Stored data
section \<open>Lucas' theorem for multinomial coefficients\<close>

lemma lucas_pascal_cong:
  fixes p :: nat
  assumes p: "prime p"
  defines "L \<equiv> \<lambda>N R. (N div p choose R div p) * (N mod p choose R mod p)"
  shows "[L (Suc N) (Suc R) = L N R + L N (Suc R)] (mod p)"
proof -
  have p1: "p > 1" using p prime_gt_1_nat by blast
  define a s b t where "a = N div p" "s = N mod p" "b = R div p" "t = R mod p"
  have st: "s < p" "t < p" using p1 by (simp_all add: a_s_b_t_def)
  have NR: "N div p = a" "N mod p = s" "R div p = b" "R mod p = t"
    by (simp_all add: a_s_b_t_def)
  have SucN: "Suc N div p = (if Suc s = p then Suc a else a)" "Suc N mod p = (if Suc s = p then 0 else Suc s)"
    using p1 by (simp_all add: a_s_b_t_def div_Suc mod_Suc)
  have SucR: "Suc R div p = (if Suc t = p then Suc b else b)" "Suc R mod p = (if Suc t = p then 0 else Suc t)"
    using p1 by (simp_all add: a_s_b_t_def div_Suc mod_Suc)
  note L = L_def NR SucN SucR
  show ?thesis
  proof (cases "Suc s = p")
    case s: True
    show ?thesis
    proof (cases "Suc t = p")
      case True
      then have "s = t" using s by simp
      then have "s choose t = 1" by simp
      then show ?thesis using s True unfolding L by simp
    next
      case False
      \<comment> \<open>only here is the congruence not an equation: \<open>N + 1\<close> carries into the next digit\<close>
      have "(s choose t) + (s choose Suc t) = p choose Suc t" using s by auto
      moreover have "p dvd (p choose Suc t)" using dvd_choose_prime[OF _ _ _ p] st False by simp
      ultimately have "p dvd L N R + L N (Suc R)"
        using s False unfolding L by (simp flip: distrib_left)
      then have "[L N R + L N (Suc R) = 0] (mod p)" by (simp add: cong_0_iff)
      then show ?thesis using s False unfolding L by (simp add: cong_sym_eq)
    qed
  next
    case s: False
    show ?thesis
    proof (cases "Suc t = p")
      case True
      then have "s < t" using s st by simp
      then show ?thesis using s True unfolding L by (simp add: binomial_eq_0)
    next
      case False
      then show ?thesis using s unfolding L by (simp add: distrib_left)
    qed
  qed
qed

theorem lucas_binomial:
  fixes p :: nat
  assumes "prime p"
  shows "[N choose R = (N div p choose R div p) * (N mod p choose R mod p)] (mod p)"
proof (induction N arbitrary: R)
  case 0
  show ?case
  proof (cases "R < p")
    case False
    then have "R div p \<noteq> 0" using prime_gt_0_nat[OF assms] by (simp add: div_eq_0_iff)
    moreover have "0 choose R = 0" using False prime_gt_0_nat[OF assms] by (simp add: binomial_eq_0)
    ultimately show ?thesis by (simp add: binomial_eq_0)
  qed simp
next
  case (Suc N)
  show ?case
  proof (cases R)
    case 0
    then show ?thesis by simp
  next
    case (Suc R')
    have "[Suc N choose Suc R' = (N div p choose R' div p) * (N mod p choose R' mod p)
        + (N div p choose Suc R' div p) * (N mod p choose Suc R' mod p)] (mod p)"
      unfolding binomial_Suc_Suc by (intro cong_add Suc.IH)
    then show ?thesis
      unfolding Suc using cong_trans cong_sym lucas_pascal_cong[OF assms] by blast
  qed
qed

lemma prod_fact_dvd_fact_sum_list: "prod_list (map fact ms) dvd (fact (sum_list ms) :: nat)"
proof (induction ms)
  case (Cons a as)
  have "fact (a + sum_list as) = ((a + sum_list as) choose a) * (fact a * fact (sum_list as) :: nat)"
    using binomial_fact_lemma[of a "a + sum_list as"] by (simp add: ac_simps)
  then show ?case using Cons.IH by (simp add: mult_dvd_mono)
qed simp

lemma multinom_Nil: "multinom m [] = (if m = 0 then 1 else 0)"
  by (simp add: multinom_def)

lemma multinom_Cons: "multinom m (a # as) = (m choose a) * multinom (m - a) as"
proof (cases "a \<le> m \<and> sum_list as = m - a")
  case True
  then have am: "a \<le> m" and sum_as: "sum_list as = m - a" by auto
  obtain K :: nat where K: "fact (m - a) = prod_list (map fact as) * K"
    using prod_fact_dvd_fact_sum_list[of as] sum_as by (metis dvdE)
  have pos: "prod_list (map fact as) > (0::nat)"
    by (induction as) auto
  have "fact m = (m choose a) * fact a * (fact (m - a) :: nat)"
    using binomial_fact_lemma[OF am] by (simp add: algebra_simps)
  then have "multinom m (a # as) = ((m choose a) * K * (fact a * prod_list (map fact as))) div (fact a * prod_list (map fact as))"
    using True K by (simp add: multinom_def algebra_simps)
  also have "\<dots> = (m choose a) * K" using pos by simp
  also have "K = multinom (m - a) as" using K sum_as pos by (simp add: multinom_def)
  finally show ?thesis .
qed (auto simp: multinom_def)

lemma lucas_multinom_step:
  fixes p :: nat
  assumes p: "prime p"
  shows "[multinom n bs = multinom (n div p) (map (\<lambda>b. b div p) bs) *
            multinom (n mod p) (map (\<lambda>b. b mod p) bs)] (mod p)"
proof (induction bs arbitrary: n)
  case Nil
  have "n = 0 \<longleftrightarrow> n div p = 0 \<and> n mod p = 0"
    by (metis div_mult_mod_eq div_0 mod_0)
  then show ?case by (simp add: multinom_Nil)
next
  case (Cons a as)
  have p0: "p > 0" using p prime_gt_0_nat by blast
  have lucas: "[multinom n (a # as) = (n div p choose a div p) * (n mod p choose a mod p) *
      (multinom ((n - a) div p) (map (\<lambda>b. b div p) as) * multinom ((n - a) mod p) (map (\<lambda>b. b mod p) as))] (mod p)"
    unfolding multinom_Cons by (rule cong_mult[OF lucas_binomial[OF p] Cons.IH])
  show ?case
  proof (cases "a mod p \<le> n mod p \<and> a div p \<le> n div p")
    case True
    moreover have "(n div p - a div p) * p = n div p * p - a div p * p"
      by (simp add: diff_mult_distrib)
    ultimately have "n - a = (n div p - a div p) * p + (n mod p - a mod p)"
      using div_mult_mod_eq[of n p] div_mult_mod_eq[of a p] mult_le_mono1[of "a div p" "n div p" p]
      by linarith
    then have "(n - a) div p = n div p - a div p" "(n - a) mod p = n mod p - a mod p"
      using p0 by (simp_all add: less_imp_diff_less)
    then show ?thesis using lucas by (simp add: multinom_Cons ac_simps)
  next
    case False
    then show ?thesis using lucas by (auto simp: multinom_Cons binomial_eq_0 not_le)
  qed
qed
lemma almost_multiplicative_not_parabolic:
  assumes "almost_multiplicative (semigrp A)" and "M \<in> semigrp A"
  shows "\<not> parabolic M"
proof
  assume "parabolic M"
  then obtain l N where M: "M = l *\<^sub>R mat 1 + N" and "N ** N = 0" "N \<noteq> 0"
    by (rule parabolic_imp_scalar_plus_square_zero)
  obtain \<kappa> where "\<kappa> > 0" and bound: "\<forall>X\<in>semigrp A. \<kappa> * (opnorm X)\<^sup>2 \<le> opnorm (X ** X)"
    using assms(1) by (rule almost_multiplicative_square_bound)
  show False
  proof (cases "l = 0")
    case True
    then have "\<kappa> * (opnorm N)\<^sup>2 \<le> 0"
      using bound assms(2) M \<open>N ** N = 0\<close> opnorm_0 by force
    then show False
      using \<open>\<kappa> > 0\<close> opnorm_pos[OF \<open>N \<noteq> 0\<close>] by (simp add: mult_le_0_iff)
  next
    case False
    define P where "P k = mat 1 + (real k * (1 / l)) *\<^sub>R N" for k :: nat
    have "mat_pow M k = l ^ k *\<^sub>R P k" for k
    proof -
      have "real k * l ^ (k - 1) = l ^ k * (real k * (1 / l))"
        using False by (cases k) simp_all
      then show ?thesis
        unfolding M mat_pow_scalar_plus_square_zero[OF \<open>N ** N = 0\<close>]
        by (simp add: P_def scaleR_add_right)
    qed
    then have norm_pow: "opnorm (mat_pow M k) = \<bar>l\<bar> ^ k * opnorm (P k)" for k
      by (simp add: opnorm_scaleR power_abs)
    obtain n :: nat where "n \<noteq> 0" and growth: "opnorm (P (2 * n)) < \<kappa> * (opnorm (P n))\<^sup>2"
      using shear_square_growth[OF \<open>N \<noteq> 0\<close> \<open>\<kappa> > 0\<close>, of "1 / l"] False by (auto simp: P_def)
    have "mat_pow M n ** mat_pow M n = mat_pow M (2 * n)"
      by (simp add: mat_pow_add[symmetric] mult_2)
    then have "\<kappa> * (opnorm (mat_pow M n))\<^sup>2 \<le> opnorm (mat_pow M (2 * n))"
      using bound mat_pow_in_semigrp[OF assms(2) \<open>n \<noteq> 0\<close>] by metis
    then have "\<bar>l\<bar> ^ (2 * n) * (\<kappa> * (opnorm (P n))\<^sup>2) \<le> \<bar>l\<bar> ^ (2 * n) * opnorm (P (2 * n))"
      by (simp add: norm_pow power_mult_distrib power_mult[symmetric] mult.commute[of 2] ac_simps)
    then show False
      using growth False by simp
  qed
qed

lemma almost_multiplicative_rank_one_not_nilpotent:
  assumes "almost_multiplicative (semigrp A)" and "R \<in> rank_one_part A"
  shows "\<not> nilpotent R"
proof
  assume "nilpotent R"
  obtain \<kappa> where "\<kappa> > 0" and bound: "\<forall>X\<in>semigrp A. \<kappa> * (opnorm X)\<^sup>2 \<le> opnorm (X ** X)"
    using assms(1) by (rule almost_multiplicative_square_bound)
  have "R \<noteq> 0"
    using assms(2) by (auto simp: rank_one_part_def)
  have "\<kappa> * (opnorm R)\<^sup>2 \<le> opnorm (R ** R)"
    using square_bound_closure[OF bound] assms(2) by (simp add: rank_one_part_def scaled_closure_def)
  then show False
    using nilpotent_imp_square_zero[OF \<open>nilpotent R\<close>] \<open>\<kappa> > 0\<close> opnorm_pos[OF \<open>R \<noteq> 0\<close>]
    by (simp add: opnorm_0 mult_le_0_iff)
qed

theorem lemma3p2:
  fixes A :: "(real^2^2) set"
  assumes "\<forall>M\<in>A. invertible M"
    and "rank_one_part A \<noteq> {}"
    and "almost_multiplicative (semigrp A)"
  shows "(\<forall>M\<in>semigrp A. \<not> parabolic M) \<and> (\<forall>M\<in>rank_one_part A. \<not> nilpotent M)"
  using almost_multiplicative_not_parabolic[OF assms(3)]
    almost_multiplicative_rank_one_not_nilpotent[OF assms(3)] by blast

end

__What is expected__
Wherever "lambda" occurs in the records above, copy the line it sits in.

__Output of the task__
  defines "L \<equiv> \<lambda>N R. (N div p choose R div p) * (N mod p choose R mod p)"
  shows "[multinom n bs = multinom (n div p) (map (\<lambda>b. b div p) bs) *
            multinom (n mod p) (map (\<lambda>b. b mod p) bs)] (mod p)"
      (multinom ((n - a) div p) (map (\<lambda>b. b div p) as) * multinom ((n - a) mod p) (map (\<lambda>b. b mod p) as))] (mod p)"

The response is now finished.